Task to carry out: Copy the records below in full, changing no character.
===== Data under study =====
text \<open>
  Unrolling the recursion, the estimation error is linear in the centred observations:
  theta_hat t - theta 1 = (1/t) sum_k A^(t-k) (X_k - theta 1). Independent centred
  observations are orthogonal in L2 with common variance sigma^2, so the mean square error of
  the estimator is (sigma^2/t^2) sum_k |A^(t-k)|_F^2, while that of the sample mean is
  sigma^2/t; hence tau_t(A) = t / sum_k |A^(t-k)|_F^2. Each row of a stochastic matrix is a
  probability vector, whose squared norm lies in [1/N, 1], so 1 <= |P|_F^2 <= N. If A is
  reducible, the states reachable from some state form a proper closed class S; the rows of
  A^m indexed by S are probability vectors supported on S and contribute at least 1 in total,
  the remaining rows at least 1/N each, so |A^m|_F^2 >= 1 + 1/N.
\<close>

definition frobenius_norm_sq :: "real^'n^'n \<Rightarrow> real" where
  "frobenius_norm_sq P = (\<Sum>i\<in>UNIV. \<Sum>j\<in>UNIV. (P $ i $ j)\<^sup>2)"

lemma stochastic_matrix_mat_1: "stochastic_matrix (mat 1 :: real^'n^'n)"
  by (simp add: stochastic_matrix_def mat_def)

lemma stochastic_matrix_mult:
  assumes "stochastic_matrix A" "stochastic_matrix B"
  shows "stochastic_matrix (A ** B)"
proof -
  have "(\<Sum>j\<in>UNIV. (A ** B) $ i $ j) = 1" for i
  proof -
    have "(\<Sum>j\<in>UNIV. (A ** B) $ i $ j) = (\<Sum>j\<in>UNIV. \<Sum>l\<in>UNIV. A $ i $ l * B $ l $ j)"
      by (simp add: matrix_matrix_mult_def)
    also have "\<dots> = (\<Sum>l\<in>UNIV. A $ i $ l * (\<Sum>j\<in>UNIV. B $ l $ j))"
      by (subst sum.swap) (simp add: sum_distrib_left)
    also have "\<dots> = 1"
      using assms by (simp add: stochastic_matrix_def)
    finally show ?thesis .
  qed
  with assms show ?thesis
    by (auto simp: stochastic_matrix_def matrix_matrix_mult_def intro!: sum_nonneg)
qed

lemma stochastic_matrix_mat_pow: "stochastic_matrix A \<Longrightarrow> stochastic_matrix (mat_pow A k)"
  by (induction k) (auto intro: stochastic_matrix_mult stochastic_matrix_mat_1)

lemma mat_pow_add: "mat_pow A (k + m) = mat_pow A k ** mat_pow A m"
  by (induction k) (simp_all add: matrix_mul_assoc)

lemma stochastic_matrix_mult_ones: "stochastic_matrix P \<Longrightarrow> P *v (\<chi> i. 1) = (\<chi> i. 1)"
  by (simp add: stochastic_matrix_def matrix_vector_mult_def vec_eq_iff)

lemma sum_squares_ge_inverse_card:
  fixes r :: "'b \<Rightarrow> real"
  assumes "finite S" "S \<noteq> {}" "(\<Sum>l\<in>S. r l) = 1"
  shows "1 / card S \<le> (\<Sum>l\<in>S. (r l)\<^sup>2)"
proof -
  define c where "c = real (card S)"
  have c: "c > 0" using assms by (simp add: c_def card_gt_0_iff)
  have "0 \<le> (\<Sum>l\<in>S. (r l - 1/c)\<^sup>2)" by (simp add: sum_nonneg)
  also have "\<dots> = (\<Sum>l\<in>S. (r l)\<^sup>2) - 2/c * (\<Sum>l\<in>S. r l) + c * (1/c)\<^sup>2"
    by (simp add: power2_diff sum.distrib sum_subtractf sum_distrib_left c_def)
  also have "\<dots> = (\<Sum>l\<in>S. (r l)\<^sup>2) - 1/c"
    using c assms(3) by (simp add: power2_eq_square field_simps)
  finally show ?thesis by (simp add: c_def)
qed

lemma sum_squares_le_one:
  fixes r :: "'b \<Rightarrow> real"
  assumes "finite S" "\<And>l. l \<in> S \<Longrightarrow> r l \<ge> 0" "(\<Sum>l\<in>S. r l) = 1"
  shows "(\<Sum>l\<in>S. (r l)\<^sup>2) \<le> 1"
proof -
  have "r l \<le> 1" if "l \<in> S" for l
    using member_le_sum[of l S r] assms that by auto
  then have "(\<Sum>l\<in>S. (r l)\<^sup>2) \<le> (\<Sum>l\<in>S. r l)"
    using assms by (intro sum_mono) (simp add: power2_eq_square mult_left_le)
  with assms show ?thesis by simp
qed

lemma frobenius_norm_sq_stochastic_bounds:
  fixes P :: "real^'n^'n"
  assumes "stochastic_matrix P"
  shows "1 \<le> frobenius_norm_sq P" and "frobenius_norm_sq P \<le> CARD('n)"
proof -
  have row: "1 / CARD('n) \<le> (\<Sum>j\<in>UNIV. (P $ i $ j)\<^sup>2)" "(\<Sum>j\<in>UNIV. (P $ i $ j)\<^sup>2) \<le> 1" for i
    using sum_squares_ge_inverse_card[of UNIV "\<lambda>j. P $ i $ j"]
      sum_squares_le_one[of UNIV "\<lambda>j. P $ i $ j"] assms
    by (auto simp: stochastic_matrix_def)
  have "(\<Sum>i\<in>(UNIV::'n set). 1 / CARD('n)) \<le> frobenius_norm_sq P"
    unfolding frobenius_norm_sq_def by (intro sum_mono row)
  then show "1 \<le> frobenius_norm_sq P" by simp
  have "frobenius_norm_sq P \<le> (\<Sum>i\<in>(UNIV::'n set). 1)"
    unfolding frobenius_norm_sq_def by (intro sum_mono row)
  then show "frobenius_norm_sq P \<le> CARD('n)" by simp
qed

lemma frobenius_norm_sq_closed_class:
  fixes P :: "real^'n^'n"
  assumes P: "stochastic_matrix P" and S: "S \<noteq> {}" "S \<noteq> UNIV"
    and closed: "\<And>l q. l \<in> S \<Longrightarrow> q \<notin> S \<Longrightarrow> P $ l $ q = 0"
  shows "1 + 1 / CARD('n) \<le> frobenius_norm_sq P"
proof -
  define N where "N = real CARD('n)"
  define row where "row l = (\<Sum>q\<in>UNIV. (P $ l $ q)\<^sup>2)" for l
  have "card S < CARD('n)"
    using S by (intro psubset_card_mono) auto
  then have card_compl: "1 \<le> real (card (UNIV - S))"
    by (simp add: card_Diff_subset)
  have row_S: "1 / card S \<le> row l" if "l \<in> S" for l
  proof -
    have "(\<Sum>q\<in>S. P $ l $ q) = (\<Sum>q\<in>UNIV. P $ l $ q)"
      by (rule sum.mono_neutral_left) (auto intro: closed that)
    with P have "1 / card S \<le> (\<Sum>q\<in>S. (P $ l $ q)\<^sup>2)"
      using S by (intro sum_squares_ge_inverse_card) (auto simp: stochastic_matrix_def)
    also have "\<dots> \<le> row l"
      unfolding row_def by (rule sum_mono2) auto
    finally show ?thesis .
  qed
  have row_any: "1 / N \<le> row l" for l
    using sum_squares_ge_inverse_card[of UNIV "\<lambda>q. P $ l $ q"] P
    by (auto simp: stochastic_matrix_def row_def N_def)
  have "card S > 0"
    using S by (simp add: card_gt_0_iff)
  have "1 / N \<le> card (UNIV - S) / N"
    using card_compl by (simp add: N_def divide_right_mono)
  then have "1 + 1 / N \<le> 1 + card (UNIV - S) / N"
    by linarith
  also have "\<dots> = (\<Sum>l\<in>S. 1 / card S) + (\<Sum>l\<in>UNIV - S. 1 / N)"
    using S \<open>card S > 0\<close> by simp
  also have "\<dots> \<le> (\<Sum>l\<in>S. row l) + (\<Sum>l\<in>UNIV - S. row l)"
    by (intro add_mono sum_mono row_S row_any)
  also have "\<dots> = frobenius_norm_sq P"
    using sum.subset_diff[of S UNIV row] by (simp add: frobenius_norm_sq_def row_def add.commute)
  finally show ?thesis
    unfolding N_def .
qed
=====
Answer box:
text \<open>
  Unrolling the recursion, the estimation error is linear in the centred observations:
  theta_hat t - theta 1 = (1/t) sum_k A^(t-k) (X_k - theta 1). Independent centred
  observations are orthogonal in L2 with common variance sigma^2, so the mean square error of
  the estimator is (sigma^2/t^2) sum_k |A^(t-k)|_F^2, while that of the sample mean is
  sigma^2/t; hence tau_t(A) = t / sum_k |A^(t-k)|_F^2. Each row of a stochastic matrix is a
  probability vector, whose squared norm lies in [1/N, 1], so 1 <= |P|_F^2 <= N. If A is
  reducible, the states reachable from some state form a proper closed class S; the rows of
  A^m indexed by S are probability vectors supported on S and contribute at least 1 in total,
  the remaining rows at least 1/N each, so |A^m|_F^2 >= 1 + 1/N.
\<close>

definition frobenius_norm_sq :: "real^'n^'n \<Rightarrow> real" where
  "frobenius_norm_sq P = (\<Sum>i\<in>UNIV. \<Sum>j\<in>UNIV. (P $ i $ j)\<^sup>2)"

lemma stochastic_matrix_mat_1: "stochastic_matrix (mat 1 :: real^'n^'n)"
  by (simp add: stochastic_matrix_def mat_def)

lemma stochastic_matrix_mult:
  assumes "stochastic_matrix A" "stochastic_matrix B"
  shows "stochastic_matrix (A ** B)"
proof -
  have "(\<Sum>j\<in>UNIV. (A ** B) $ i $ j) = 1" for i
  proof -
    have "(\<Sum>j\<in>UNIV. (A ** B) $ i $ j) = (\<Sum>j\<in>UNIV. \<Sum>l\<in>UNIV. A $ i $ l * B $ l $ j)"
      by (simp add: matrix_matrix_mult_def)
    also have "\<dots> = (\<Sum>l\<in>UNIV. A $ i $ l * (\<Sum>j\<in>UNIV. B $ l $ j))"
      by (subst sum.swap) (simp add: sum_distrib_left)
    also have "\<dots> = 1"
      using assms by (simp add: stochastic_matrix_def)
    finally show ?thesis .
  qed
  with assms show ?thesis
    by (auto simp: stochastic_matrix_def matrix_matrix_mult_def intro!: sum_nonneg)
qed

lemma stochastic_matrix_mat_pow: "stochastic_matrix A \<Longrightarrow> stochastic_matrix (mat_pow A k)"
  by (induction k) (auto intro: stochastic_matrix_mult stochastic_matrix_mat_1)

lemma mat_pow_add: "mat_pow A (k + m) = mat_pow A k ** mat_pow A m"
  by (induction k) (simp_all add: matrix_mul_assoc)

lemma stochastic_matrix_mult_ones: "stochastic_matrix P \<Longrightarrow> P *v (\<chi> i. 1) = (\<chi> i. 1)"
  by (simp add: stochastic_matrix_def matrix_vector_mult_def vec_eq_iff)

lemma sum_squares_ge_inverse_card:
  fixes r :: "'b \<Rightarrow> real"
  assumes "finite S" "S \<noteq> {}" "(\<Sum>l\<in>S. r l) = 1"
  shows "1 / card S \<le> (\<Sum>l\<in>S. (r l)\<^sup>2)"
proof -
  define c where "c = real (card S)"
  have c: "c > 0" using assms by (simp add: c_def card_gt_0_iff)
  have "0 \<le> (\<Sum>l\<in>S. (r l - 1/c)\<^sup>2)" by (simp add: sum_nonneg)
  also have "\<dots> = (\<Sum>l\<in>S. (r l)\<^sup>2) - 2/c * (\<Sum>l\<in>S. r l) + c * (1/c)\<^sup>2"
    by (simp add: power2_diff sum.distrib sum_subtractf sum_distrib_left c_def)
  also have "\<dots> = (\<Sum>l\<in>S. (r l)\<^sup>2) - 1/c"
    using c assms(3) by (simp add: power2_eq_square field_simps)
  finally show ?thesis by (simp add: c_def)
qed

lemma sum_squares_le_one:
  fixes r :: "'b \<Rightarrow> real"
  assumes "finite S" "\<And>l. l \<in> S \<Longrightarrow> r l \<ge> 0" "(\<Sum>l\<in>S. r l) = 1"
  shows "(\<Sum>l\<in>S. (r l)\<^sup>2) \<le> 1"
proof -
  have "r l \<le> 1" if "l \<in> S" for l
    using member_le_sum[of l S r] assms that by auto
  then have "(\<Sum>l\<in>S. (r l)\<^sup>2) \<le> (\<Sum>l\<in>S. r l)"
    using assms by (intro sum_mono) (simp add: power2_eq_square mult_left_le)
  with assms show ?thesis by simp
qed

lemma frobenius_norm_sq_stochastic_bounds:
  fixes P :: "real^'n^'n"
  assumes "stochastic_matrix P"
  shows "1 \<le> frobenius_norm_sq P" and "frobenius_norm_sq P \<le> CARD('n)"
proof -
  have row: "1 / CARD('n) \<le> (\<Sum>j\<in>UNIV. (P $ i $ j)\<^sup>2)" "(\<Sum>j\<in>UNIV. (P $ i $ j)\<^sup>2) \<le> 1" for i
    using sum_squares_ge_inverse_card[of UNIV "\<lambda>j. P $ i $ j"]
      sum_squares_le_one[of UNIV "\<lambda>j. P $ i $ j"] assms
    by (auto simp: stochastic_matrix_def)
  have "(\<Sum>i\<in>(UNIV::'n set). 1 / CARD('n)) \<le> frobenius_norm_sq P"
    unfolding frobenius_norm_sq_def by (intro sum_mono row)
  then show "1 \<le> frobenius_norm_sq P" by simp
  have "frobenius_norm_sq P \<le> (\<Sum>i\<in>(UNIV::'n set). 1)"
    unfolding frobenius_norm_sq_def by (intro sum_mono row)
  then show "frobenius_norm_sq P \<le> CARD('n)" by simp
qed

lemma frobenius_norm_sq_closed_class:
  fixes P :: "real^'n^'n"
  assumes P: "stochastic_matrix P" and S: "S \<noteq> {}" "S \<noteq> UNIV"
    and closed: "\<And>l q. l \<in> S \<Longrightarrow> q \<notin> S \<Longrightarrow> P $ l $ q = 0"
  shows "1 + 1 / CARD('n) \<le> frobenius_norm_sq P"
proof -
  define N where "N = real CARD('n)"
  define row where "row l = (\<Sum>q\<in>UNIV. (P $ l $ q)\<^sup>2)" for l
  have "card S < CARD('n)"
    using S by (intro psubset_card_mono) auto
  then have card_compl: "1 \<le> real (card (UNIV - S))"
    by (simp add: card_Diff_subset)
  have row_S: "1 / card S \<le> row l" if "l \<in> S" for l
  proof -
    have "(\<Sum>q\<in>S. P $ l $ q) = (\<Sum>q\<in>UNIV. P $ l $ q)"
      by (rule sum.mono_neutral_left) (auto intro: closed that)
    with P have "1 / card S \<le> (\<Sum>q\<in>S. (P $ l $ q)\<^sup>2)"
      using S by (intro sum_squares_ge_inverse_card) (auto simp: stochastic_matrix_def)
    also have "\<dots> \<le> row l"
      unfolding row_def by (rule sum_mono2) auto
    finally show ?thesis .
  qed
  have row_any: "1 / N \<le> row l" for l
    using sum_squares_ge_inverse_card[of UNIV "\<lambda>q. P $ l $ q"] P
    by (auto simp: stochastic_matrix_def row_def N_def)
  have "card S > 0"
    using S by (simp add: card_gt_0_iff)
  have "1 / N \<le> card (UNIV - S) / N"
    using card_compl by (simp add: N_def divide_right_mono)
  then have "1 + 1 / N \<le> 1 + card (UNIV - S) / N"
    by linarith
  also have "\<dots> = (\<Sum>l\<in>S. 1 / card S) + (\<Sum>l\<in>UNIV - S. 1 / N)"
    using S \<open>card S > 0\<close> by simp
  also have "\<dots> \<le> (\<Sum>l\<in>S. row l) + (\<Sum>l\<in>UNIV - S. row l)"
    by (intro add_mono sum_mono row_S row_any)
  also have "\<dots> = frobenius_norm_sq P"
    using sum.subset_diff[of S UNIV row] by (simp add: frobenius_norm_sq_def row_def add.commute)
  finally show ?thesis
    unfolding N_def .
qed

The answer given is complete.